First, the tale of good (Google) and evil (Microsoft) and the fight over struggling Yahoo. In the interview, Schmidt talks up Yahoo’s strengths and warns about Microsoft’s evilness.
- Microsoft can’t be trusted. They have a history of antitrust issues. They take away freedom of choice and that’s the very essence of evil.
- Google likes Yahoo and Yahoo likes Google. There are mutual benefits. Together they can combine to fight against the evil forces of Microsoft.
- They go well together. Based on the positive results of a test partnership, Yahoo is considering working even more closely with Google. Yahoo ran Google ads on their network for two weeks (which raised antitrust issues against Google).
- Schmidt has had enough of Microsoft. Throughout his career Schmidt has competed against Microsoft. He doesn’t look forward to competing with them even more intensely.

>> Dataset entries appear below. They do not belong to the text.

lemma anti_monge_on_normalize:
  assumes "anti_monge_on U b" "finite R" "R \<subseteq> U" "C \<subseteq> U" "bij_betw f R C" "2 \<le> card R"
  obtains g where "bij_betw g R C" "\<And>i. i \<notin> R \<Longrightarrow> g i = f i" "g (Min R) = Max C" "g (Max R) = Min C"
    "assign_cost b g R \<le> assign_cost b f R"
proof (rule normalize_ends[OF assms(2,5)])
  have C: "finite C" "2 \<le> card C"
    using assms(2,6) bij_betw_finite[OF assms(5)] bij_betw_same_card[OF assms(5)] by auto
  then have "C \<noteq> {}" "R \<noteq> {}"
    using assms(6) by auto
  then have ends: "Min R \<in> R" "Max R \<in> R" "Min C \<in> C" "Max C \<in> C"
    using assms(2) C(1) by simp_all
  then show "Max C \<in> C" "Min C \<in> C" "Max C \<noteq> Min C"
    using Min_less_Max[OF C] by auto
  show "b (Min R) (Max C) + b i j \<le> b (Min R) j + b i (Max C)"
    and "b i j + b (Max R) (Min C) \<le> b i (Min C) + b (Max R) j"
    if "i \<in> R" "j \<in> C" for i j
    using anti_monge_onD[OF assms(1), of "Min R" i j "Max C"] anti_monge_onD[OF assms(1), of i "Max R" "Min C" j]
      that ends assms(2-4) C(1) by auto
qed blast

lemma card_3_obtain_sorted:
  fixes T :: "'a::linorder set"
  assumes "card T = 3"
  obtains p q r where "T = {p, q, r}" "p < q" "q < r"
proof -
  obtain x y z where T: "T = {x, y, z}" "x \<noteq> y" "y \<noteq> z" "x \<noteq> z"
    using assms unfolding card_3_iff by blast
  then show ?thesis
    using that by (cases x y rule: linorder_cases; cases y z rule: linorder_cases;
        cases x z rule: linorder_cases) (auto simp: insert_commute)
qed

text \<open>On three rows mapped onto three columns, the best Monge assignment is increasing and the best
  Anti-Monge assignment is decreasing; both send the middle row to the middle column.\<close>

lemma three_rows_common_middle:
  assumes "monge_on U a" "anti_monge_on U b" "T \<subseteq> U" "T' \<subseteq> U" "card T = 3"
    "bij_betw f1 T T'" "bij_betw f2 T T'"
  obtains g1 g2 y where "bij_betw g1 T T'" "bij_betw g2 T T'"
    "\<And>i. i \<notin> T \<Longrightarrow> g1 i = f1 i" "\<And>i. i \<notin> T \<Longrightarrow> g2 i = f2 i"
    "y \<in> T" "Min T < y" "y < Max T" "g1 y = g2 y" "Min T' < g1 y" "g1 y < Max T'"
    "assign_cost a g1 T \<le> assign_cost a f1 T" "assign_cost b g2 T \<le> assign_cost b f2 T"
proof -
  have fin: "finite T"
    using assms(5) card.infinite by fastforce
  obtain g1 where g1: "bij_betw g1 T T'" "\<And>i. i \<notin> T \<Longrightarrow> g1 i = f1 i" "g1 (Min T) = Min T'"
    "g1 (Max T) = Max T'" "assign_cost a g1 T \<le> assign_cost a f1 T"
    using monge_on_normalize[OF assms(1) fin assms(3,4,6)] assms(5) by auto
  obtain g2 where g2: "bij_betw g2 T T'" "\<And>i. i \<notin> T \<Longrightarrow> g2 i = f2 i" "g2 (Min T) = Max T'"
    "g2 (Max T) = Min T'" "assign_cost b g2 T \<le> assign_cost b f2 T"
    using anti_monge_on_normalize[OF assms(2) fin assms(3,4,7)] assms(5) by auto
  obtain p q r where T: "T = {p, q, r}" "p < q" "q < r"
    using card_3_obtain_sorted[OF assms(5)] by blast
  obtain p' q' r' where T': "T' = {p', q', r'}" "p' < q'" "q' < r'"
    using card_3_obtain_sorted assms(5,6) bij_betw_same_card by metis
  have ends: "Min T = p" "Max T = r" "Min T' = p'" "Max T' = r'"
    using T T' by auto
  have "g1 q = q'" "g2 q = q'"
    using g1(1,3,4) g2(1,3,4) T T' unfolding ends by (auto simp: bij_betw_def inj_on_def)
  then show ?thesis
    using that[OF g1(1) g2(1) g1(2) g2(2), of q] g1(5) g2(5) T T' ends by auto
qed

On his concerns about monetizing YouTube, Schmidt indicated that so far nothing has been promising. Google needs to capitalize on their $1.65 billion investment and he called making money on YouTube this year’s highest priority. That could mean charging for video hosting after a certain limit.
My favorite quote is:
“We’ve primarily been concerned about the possibility of a Microsoft acquisition of Yahoo because of Microsoft’s history and because the assets that Yahoo has are quite valuable. And we actually think that in the wrong hands, they could be used in the wrong way.”
Google’s always been good at storytelling and being captivating. It’s a tale where Microsoft is the villain, and Google is the superhero. Google is not only rescuing the damsel in distress (Yahoo) but fighting for the right. It’s the tech drama of the year.